--- Collected data entries ---
(* Let $(I,d,(I_n)_n)$ be a uniform metric index set, $W$ a compact Hausdorff space and $m:X^{\mathbb{R}}\to C^*(W)$ a sequence measure function with associated operator measure function $\overline{m}$. Then for any two non-expansive operators $T_1,T_2\in B(\ell^2(I))$, $\overline{m}(T_1T_2)=\overline{m}(T_2T_1)$.
   Context: $I$ is countable with nested finite subsets $I_1\subset I_2\subset\cdots$, $\bigcup_nI_n=I$, and a quasi-distance $d$ (i.e. $d\ge0$, $d(i,i)=0$, symmetric, triangle inequality); $B_R(i)=\{j:d(j,i)\le R\}$. $(I,d,(I_n))$ is a uniform metric index set if $\sup_i|B_R(i)|<\infty$ for all $R>0$ and $\lim_{n\to\infty}|(\bigcup_{j\in I\setminus I_n}B_R(j))\cap I_n|/|I_n|=0$ for all $R>0$. $\{\delta_i\}$ is the canonical basis of $\ell^2(I)$; $A\in B(\ell^2(I))$ is row non-expansive if for every $\varepsilon>0$ there is $N$ with $\sum_{j\notin B_N(i)}|\langle A\delta_i,\delta_j\rangle|^2<\varepsilon$ for all $i$, and non-expansive if $A$ and $A^*$ are row non-expansive. Frame compatible sequences: nonnegative $\mathbf{x}$ with $0\le x_1\le|I_1|$, $0\le x_i-x_{i-1}\le|I_i\setminus I_{i-1}|$; $X$ their set, $X^+=\{c\mathbf{x}\}_{c\ge0}$, $X^{\mathbb{R}}=X^+-X^+$. $\mathbf{x}\approx\mathbf{y}$ iff $\lim(x_n-y_n)/|I_n|=0$; $\mathbf{y}\leqq\mathbf{x}$ iff $\liminf(x_n-y_n)/|I_n|\ge0$. $C^*(W)$: real continuous functions on $W$. A sequence measure function is a linear $m:X^{\mathbb{R}}\to C^*(W)$ with $m(\mathbf{x})=m(\mathbf{y})\iff\mathbf{x}\approx\mathbf{y}$ on $X^{\mathbb{R}}$, $m(\mathbf{x})\le m(\mathbf{y})\iff\mathbf{x}\leqq\mathbf{y}$ on $X^+$, and $m((|I_1|,|I_2|,\dots))=1$. For $T\in B(\ell^2(I))$ let $b(T)=(\sum_{i\in I_n}\langle T\delta_i,\delta_i\rangle)_n$; its real and imaginary parts lie in $X^{\mathbb{R}}$. The operator measure function is $\overline{m}(T)=m(\operatorname{Re}b(T))+i\,m(\operatorname{Im}b(T))$ (a complex-valued continuous function on $W$). *)

theory Defs
  imports "HOL-Analysis.Analysis"
begin

text \<open>The countable index set I is the universe of a countable type 'i.
  The nested finite subsets I_1 \<subseteq> I_2 \<subseteq> ... are given by Is :: nat \<Rightarrow> 'i set,
  where Is 0 plays the role of I_1, Is 1 of I_2, etc.\<close>

definition ball_q :: "('i \<Rightarrow> 'i \<Rightarrow> real) \<Rightarrow> real \<Rightarrow> 'i \<Rightarrow> 'i set" where
  "ball_q d R i = {j. d j i \<le> R}"

definition quasi_distance :: "('i \<Rightarrow> 'i \<Rightarrow> real) \<Rightarrow> bool" where
  "quasi_distance d \<longleftrightarrow>
     (\<forall>i j. d i j \<ge> 0) \<and> (\<forall>i. d i i = 0) \<and> (\<forall>i j. d i j = d j i) \<and>
     (\<forall>i j k. d i k \<le> d i j + d j k)"

definition nested_exhaustion :: "(nat \<Rightarrow> 'i set) \<Rightarrow> bool" where
  "nested_exhaustion Is \<longleftrightarrow>
     (\<forall>n. finite (Is n)) \<and> (\<forall>n. Is n \<subseteq> Is (Suc n)) \<and> (\<Union>n. Is n) = UNIV"

definition uniform_metric_index_set ::
  "('i::countable \<Rightarrow> 'i \<Rightarrow> real) \<Rightarrow> (nat \<Rightarrow> 'i set) \<Rightarrow> bool" where
  "uniform_metric_index_set d Is \<longleftrightarrow>
     quasi_distance d \<and> nested_exhaustion Is \<and>
     (\<forall>R>0. \<exists>M::nat. \<forall>i. finite (ball_q d R i) \<and> card (ball_q d R i) \<le> M) \<and>
     (\<forall>R>0. (\<lambda>n. real (card ((\<Union>j\<in>UNIV - Is n. ball_q d R j) \<inter> Is n)) / real (card (Is n)))
              \<longlonglongrightarrow> 0)"

definition frame_compatible :: "(nat \<Rightarrow> 'i set) \<Rightarrow> (nat \<Rightarrow> real) \<Rightarrow> bool" where
  "frame_compatible Is x \<longleftrightarrow>
     0 \<le> x 0 \<and> x 0 \<le> real (card (Is 0)) \<and>
     (\<forall>n. 0 \<le> x (Suc n) - x n \<and> x (Suc n) - x n \<le> real (card (Is (Suc n) - Is n)))"

definition Xset :: "(nat \<Rightarrow> 'i set) \<Rightarrow> (nat \<Rightarrow> real) set" where
  "Xset Is = {x. frame_compatible Is x}"

definition Xplus :: "(nat \<Rightarrow> 'i set) \<Rightarrow> (nat \<Rightarrow> real) set" where
  "Xplus Is = {(\<lambda>n. c * x n) | c x. c \<ge> 0 \<and> x \<in> Xset Is}"

definition XR :: "(nat \<Rightarrow> 'i set) \<Rightarrow> (nat \<Rightarrow> real) set" where
  "XR Is = {(\<lambda>n. x n - y n) | x y. x \<in> Xplus Is \<and> y \<in> Xplus Is}"

definition seq_approx :: "(nat \<Rightarrow> 'i set) \<Rightarrow> (nat \<Rightarrow> real) \<Rightarrow> (nat \<Rightarrow> real) \<Rightarrow> bool" where
  "seq_approx Is x y \<longleftrightarrow> (\<lambda>n. (x n - y n) / real (card (Is n))) \<longlonglongrightarrow> 0"

text \<open>seq_leqq Is y x  means  y \<leqq> x, i.e. liminf (x_n - y_n)/|I_n| \<ge> 0.\<close>
definition seq_leqq :: "(nat \<Rightarrow> 'i set) \<Rightarrow> (nat \<Rightarrow> real) \<Rightarrow> (nat \<Rightarrow> real) \<Rightarrow> bool" where
  "seq_leqq Is y x \<longleftrightarrow>
     liminf (\<lambda>n. ereal ((x n - y n) / real (card (Is n)))) \<ge> 0"

text \<open>W is the universe of a type 'w carrying a Hausdorff topology with compact universe;
  C*(W) is the set of real-valued continuous functions on W.\<close>

definition sequence_measure_function ::
  "(nat \<Rightarrow> 'i set) \<Rightarrow> ((nat \<Rightarrow> real) \<Rightarrow> ('w::topological_space \<Rightarrow> real)) \<Rightarrow> bool" where
  "sequence_measure_function Is m \<longleftrightarrow>
     (\<forall>x\<in>XR Is. continuous_on UNIV (m x)) \<and>
     (\<forall>x\<in>XR Is. \<forall>y\<in>XR Is. \<forall>a b::real.
        m (\<lambda>n. a * x n + b * y n) = (\<lambda>w. a * m x w + b * m y w)) \<and>
     (\<forall>x\<in>XR Is. \<forall>y\<in>XR Is. m x = m y \<longleftrightarrow> seq_approx Is x y) \<and>
     (\<forall>x\<in>Xplus Is. \<forall>y\<in>Xplus Is. (\<forall>w. m x w \<le> m y w) \<longleftrightarrow> seq_leqq Is x y) \<and>
     m (\<lambda>n. real (card (Is n))) = (\<lambda>w. 1)"

definition ell2 :: "('i \<Rightarrow> complex) set" where
  "ell2 = {f. (\<lambda>i. (cmod (f i))\<^sup>2) summable_on UNIV}"

definition l2norm :: "('i \<Rightarrow> complex) \<Rightarrow> real" where
  "l2norm f = sqrt (infsum (\<lambda>i. (cmod (f i))\<^sup>2) UNIV)"

definition l2inner :: "('i \<Rightarrow> complex) \<Rightarrow> ('i \<Rightarrow> complex) \<Rightarrow> complex" where
  "l2inner f g = infsum (\<lambda>i. f i * cnj (g i)) UNIV"

definition delta :: "'i \<Rightarrow> 'i \<Rightarrow> complex" where
  "delta i = (\<lambda>j. if j = i then 1 else 0)"

text \<open>A bounded operator on l^2(I) is represented by a function on 'i \<Rightarrow> complex,
  of which only the restriction to ell2 is relevant.\<close>
definition bounded_op :: "(('i \<Rightarrow> complex) \<Rightarrow> ('i \<Rightarrow> complex)) \<Rightarrow> bool" where
  "bounded_op T \<longleftrightarrow>
     (\<forall>f\<in>ell2. T f \<in> ell2) \<and>
     (\<forall>f\<in>ell2. \<forall>g\<in>ell2. T (\<lambda>i. f i + g i) = (\<lambda>i. T f i + T g i)) \<and>
     (\<forall>f\<in>ell2. \<forall>c. T (\<lambda>i. c * f i) = (\<lambda>i. c * T f i)) \<and>
     (\<exists>K. \<forall>f\<in>ell2. l2norm (T f) \<le> K * l2norm f)"

definition is_adjoint :: "(('i \<Rightarrow> complex) \<Rightarrow> ('i \<Rightarrow> complex)) \<Rightarrow> (('i \<Rightarrow> complex) \<Rightarrow> ('i \<Rightarrow> complex)) \<Rightarrow> bool" where
  "is_adjoint T S \<longleftrightarrow> bounded_op S \<and>
     (\<forall>f\<in>ell2. \<forall>g\<in>ell2. l2inner (T f) g = l2inner f (S g))"

definition row_nonexpansive ::
  "('i \<Rightarrow> 'i \<Rightarrow> real) \<Rightarrow> (('i \<Rightarrow> complex) \<Rightarrow> ('i \<Rightarrow> complex)) \<Rightarrow> bool" where
  "row_nonexpansive d A \<longleftrightarrow>
     (\<forall>\<epsilon>>0. \<exists>N::real. \<forall>i.
        infsum (\<lambda>j. (cmod (l2inner (A (delta i)) (delta j)))\<^sup>2) (UNIV - ball_q d N i) < \<epsilon>)"

definition nonexpansive ::
  "('i \<Rightarrow> 'i \<Rightarrow> real) \<Rightarrow> (('i \<Rightarrow> complex) \<Rightarrow> ('i \<Rightarrow> complex)) \<Rightarrow> bool" where
  "nonexpansive d A \<longleftrightarrow> bounded_op A \<and> row_nonexpansive d A \<and>
     (\<exists>S. is_adjoint A S \<and> row_nonexpansive d S)"

definition diag_seq :: "(nat \<Rightarrow> 'i set) \<Rightarrow> (('i \<Rightarrow> complex) \<Rightarrow> ('i \<Rightarrow> complex)) \<Rightarrow> nat \<Rightarrow> complex" where
  "diag_seq Is T = (\<lambda>n. \<Sum>i\<in>Is n. l2inner (T (delta i)) (delta i))"

definition op_measure ::
  "(nat \<Rightarrow> 'i set) \<Rightarrow> ((nat \<Rightarrow> real) \<Rightarrow> ('w \<Rightarrow> real)) \<Rightarrow>
   (('i \<Rightarrow> complex) \<Rightarrow> ('i \<Rightarrow> complex)) \<Rightarrow> 'w \<Rightarrow> complex" where
  "op_measure Is m T = (\<lambda>w. complex_of_real (m (\<lambda>n. Re (diag_seq Is T n)) w)
                           + \<i> * complex_of_real (m (\<lambda>n. Im (diag_seq Is T n)) w))"

end

theory Submission
  imports Defs
begin

(* With S1 the adjoint of T1, put P i j = (T2 delta_i) j * cnj ((S1 delta_i) j). The diagonal
   entries of T1 T2 are the row sums of P and those of T2 T1 are its column sums, so on the window
   I_n the two partial traces differ only by the entries of P linking I_n to its complement.
   Row non-expansiveness of T1 and T2 makes these contributions uniformly small for i at distance
   more than R from the complement, and boundedness makes them uniformly bounded for the remaining
   i, which form the R-boundary of I_n, of density tending to zero. So the diagonal sequences
   differ by o(|I_n|), and m identifies such sequences. *)

lemma mult_le_weighted_squares:
  fixes a b t :: real
  assumes "0 < t"
  shows "a * b \<le> (t * a\<^sup>2 + b\<^sup>2 / t) / 2"
proof -
  have "0 \<le> (t * a - b)\<^sup>2 / t" using assms by simp
  also have "(t * a - b)\<^sup>2 / t = t * a\<^sup>2 + b\<^sup>2 / t - 2 * (a * b)"
    using assms by (simp add: field_simps power2_eq_square)
  finally show ?thesis by (simp add: field_simps)
qed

--- WORK TASK ---
If a line in the records contains the word "subsets", copy it.

--- RESPONSE BELOW ---
   Context: $I$ is countable with nested finite subsets $I_1\subset I_2\subset\cdots$, $\bigcup_nI_n=I$, and a quasi-distance $d$ (i.e. $d\ge0$, $d(i,i)=0$, symmetric, triangle inequality); $B_R(i)=\{j:d(j,i)\le R\}$. $(I,d,(I_n))$ is a uniform metric index set if $\sup_i|B_R(i)|<\infty$ for all $R>0$ and $\lim_{n\to\infty}|(\bigcup_{j\in I\setminus I_n}B_R(j))\cap I_n|/|I_n|=0$ for all $R>0$. $\{\delta_i\}$ is the canonical basis of $\ell^2(I)$; $A\in B(\ell^2(I))$ is row non-expansive if for every $\varepsilon>0$ there is $N$ with $\sum_{j\notin B_N(i)}|\langle A\delta_i,\delta_j\rangle|^2<\varepsilon$ for all $i$, and non-expansive if $A$ and $A^*$ are row non-expansive. Frame compatible sequences: nonnegative $\mathbf{x}$ with $0\le x_1\le|I_1|$, $0\le x_i-x_{i-1}\le|I_i\setminus I_{i-1}|$; $X$ their set, $X^+=\{c\mathbf{x}\}_{c\ge0}$, $X^{\mathbb{R}}=X^+-X^+$. $\mathbf{x}\approx\mathbf{y}$ iff $\lim(x_n-y_n)/|I_n|=0$; $\mathbf{y}\leqq\mathbf{x}$ iff $\liminf(x_n-y_n)/|I_n|\ge0$. $C^*(W)$: real continuous functions on $W$. A sequence measure function is a linear $m:X^{\mathbb{R}}\to C^*(W)$ with $m(\mathbf{x})=m(\mathbf{y})\iff\mathbf{x}\approx\mathbf{y}$ on $X^{\mathbb{R}}$, $m(\mathbf{x})\le m(\mathbf{y})\iff\mathbf{x}\leqq\mathbf{y}$ on $X^+$, and $m((|I_1|,|I_2|,\dots))=1$. For $T\in B(\ell^2(I))$ let $b(T)=(\sum_{i\in I_n}\langle T\delta_i,\delta_i\rangle)_n$; its real and imaginary parts lie in $X^{\mathbb{R}}$. The operator measure function is $\overline{m}(T)=m(\operatorname{Re}b(T))+i\,m(\operatorname{Im}b(T))$ (a complex-valued continuous function on $W$). *)
  The nested finite subsets I_1 \<subseteq> I_2 \<subseteq> ... are given by Is :: nat \<Rightarrow> 'i set,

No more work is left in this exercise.